Pushing the Limits of Deepwater Stimulation
The lower tertiary formation found in the pre-salt layers of the Gulf of Mexico has become a proving ground for extending what is possible when completing multistage fracturing in ultradeepwater wells.
The lower tertiary formation found in the pre-salt layers of the Gulf of Mexico has become a proving ground for extending what is possible when completing multistage fracturing in ultradeepwater wells. The stimulation vessels that pump fracturing fluids, acids, and proppant into these wells are key to achieving the volume of production needed to make them profitable.
Baker Hughes operates one of the industry’s youngest fleets of such vessels in the North Sea and offshore west Africa, Brazil, and Vietnam. But because of the strength of lower tertiary rocks and the pressure required to improve contact between the well and the formation, some of the company’s newest and most advanced vessels are reserved for the Gulf.
One of them, the Blue Dolphin, is the world’s first 20,000-psi stimulation vessel. Because of its pressure-pumping capability, one of its first jobs was to help kill BP’s Macondo subsea blowout in 2010. Now, there is talk about increasing the capability of the vessels or modifying how they carry out operations to improve production in the lower tertiary.
Similar to the shale formations found onshore, lower tertiary rocks have very low permeability. But it is the extremely high pressure environment they are found in that requires larger horsepower pressure pumps for stimulation and fracturing than all other subsea formations. “It is important to understand the difference between the lower tertiary challenge and the rest of the business,” said Chris Malbrel, a product line manager of sand control and pumping at Baker Hughes.
In general, whether they are working in the lower tertiary or less demanding reservoirs, offshore stimulation vessels share the philosophy used in onshore shale plays and even use some of the same equipment, including the pumps and proppant blenders. “The fundamentals are the same,” Malbrel said. “You are trying to do exactly the same thing offshore as onshore, however, the environment is different and the risk reward equation is different.”
In the offshore industry, lower tertiary wells are especially expensive because they tap into ultradeepwater high-pressure/high-temperature reservoirs and are among the deepest wells drilled in the Gulf.
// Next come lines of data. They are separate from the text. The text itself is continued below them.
lemma proj_norm_ge:
  assumes z: "Re (z\<^sup>2) > 0" and normalized: "(LINT x|lborel. (eigfun z k n x)\<^sup>2) = 1"
  shows "(cmod z ^ 2 / Re (z\<^sup>2)) ^ n \<le> proj_norm z k n"
proof -
  define \<rho> where "\<rho> = cmod z ^ 2 / Re (z\<^sup>2)"
  define Q :: real where "Q = 2 ^ n * fact n"
  define L where "L = (LINT x|lborel. gauss z x)"
  define I where "I = (LINT x|lborel. exp (- Re (z\<^sup>2) * x\<^sup>2))"
  define A where "A = (LINT x|lborel. exp (- Re (z\<^sup>2) * x\<^sup>2) * (cmod (hermite n (z * of_real x)))\<^sup>2)"
  have "z \<noteq> 0" "\<rho> \<ge> 0"
    using z by (auto simp: \<rho>_def)
  have eigfun_sq: "(eigfun z k n x)\<^sup>2 = (k n)\<^sup>2 * (gauss z x * hermite n (z * of_real x) * hermite n (z * of_real x))" for x
    by (simp add: eigfun_def gauss_def power_mult_distrib power2_eq_square mult_ac flip: exp_add)
  have "(k n)\<^sup>2 * (of_real Q * L) = 1"
    using normalized \<open>z \<noteq> 0\<close> by (simp add: eigfun_sq integral_gauss_hermite[OF z] L_def Q_def)
  then have "cmod ((k n)\<^sup>2 * (of_real Q * L)) = 1"
    by simp
  then have k: "(cmod (k n))\<^sup>2 * Q * cmod L = 1"
    by (simp add: Q_def norm_mult norm_power mult.assoc)
  have "cmod L \<le> I"
    unfolding L_def I_def norm_gauss[symmetric] by (rule integral_norm_bound)
  have "cmod L > 0"
    using k by (cases "cmod L = 0") auto
  have "(cmod (eigfun z k n x))\<^sup>2
      = (cmod (k n))\<^sup>2 * (exp (- Re (z\<^sup>2) * x\<^sup>2) * (cmod (hermite n (z * of_real x)))\<^sup>2)" for x
  proof -
    have "(cmod (eigfun z k n x))\<^sup>2 = cmod ((eigfun z k n x)\<^sup>2)"
      by (simp add: norm_power)
    also have "\<dots> = cmod ((k n)\<^sup>2) * (cmod (gauss z x) * cmod (hermite n (z * of_real x)) * cmod (hermite n (z * of_real x)))"
      by (simp only: eigfun_sq norm_mult)
    finally show ?thesis
      by (simp add: norm_mult norm_power norm_gauss power2_eq_square)
  qed
  then have "proj_norm z k n = (cmod (k n))\<^sup>2 * A"
    by (simp add: proj_norm_def A_def)
  also have "\<dots> \<ge> (cmod (k n))\<^sup>2 * (\<rho> ^ n * Q * I)"
    using integral_norm_hermite_ge[OF z, of n] by (intro mult_left_mono) (simp_all add: \<rho>_def Q_def I_def A_def)
  also have "(cmod (k n))\<^sup>2 * (\<rho> ^ n * Q * I) = \<rho> ^ n * (I / cmod L)"
    using k \<open>cmod L > 0\<close> by (simp add: field_simps)
  also have "\<dots> \<ge> \<rho> ^ n"
    using \<open>cmod L \<le> I\<close> \<open>cmod L > 0\<close> \<open>\<rho> \<ge> 0\<close> by (simp add: le_divide_eq mult_left_mono)
  finally show ?thesis
    by (simp add: \<rho>_def)
qed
These conditions drive costs up by hundreds of millions of dollars. To recoup their investment and make a profit, companies must see high outputs measured in tens of thousands of barrels per day for decades.
Lower tertiary wells are relatively young compared with other types of offshore developments, and there is an open question as to whether the industry’s current offshore pressure and stimulation methods need to be stepped up a few notches. “It is a debate among operators,” Malbrel said. “Some operators believe the way we are developing the wells today is not going to be enough.”
Most of today’s deepwater fracturing jobs are limited to a maximum of five stages because of the amount of proppant that one vessel can bring offshore, which Malbrel noted is enough to meet operators’ current demands. But he said operators are wondering if 10 or 15 stages will be needed in the near future to yield more production, as it has onshore.
“That technology, in terms of completion, does not exist yet,” for offshore jobs, he said, explaining that do 10 or more stages while keeping the size of stimulation vessels manageable will be a challenge but not overly complicated. More stages means more proppant. Right now, the vessels are self-contained and arrive on location with everything needed for the job without having to sail back to port. If more fracturing stages are needed down the road for more challenging wells, Malbrel said that instead of building larger stimulation vessels, a simpler solution might involve bringing along a supply vessel to store and transfer extra volumes of proppant for larger jobs.
Onshore, dozens of pumps and other systems are assembled together on a pad site over a span of several hours before the fracturing job can commence. In contrast, when stimulation vessels pull up alongside a drilling rig, drillship, or a platform, they must be immediately ready to connect to the riser via a flexible pipe to carry out the fracturing job. This requires excellent station-keeping capabilities to prevent the stimulation vessel from moving away from the rig or getting too close to it.
To handle rough seas, Baker Hughes’ latest additions to its fleet are equipped with a Class 2 dynamic positioning system, known as DP-2, which provides added redundancy if one station-keeping system fails.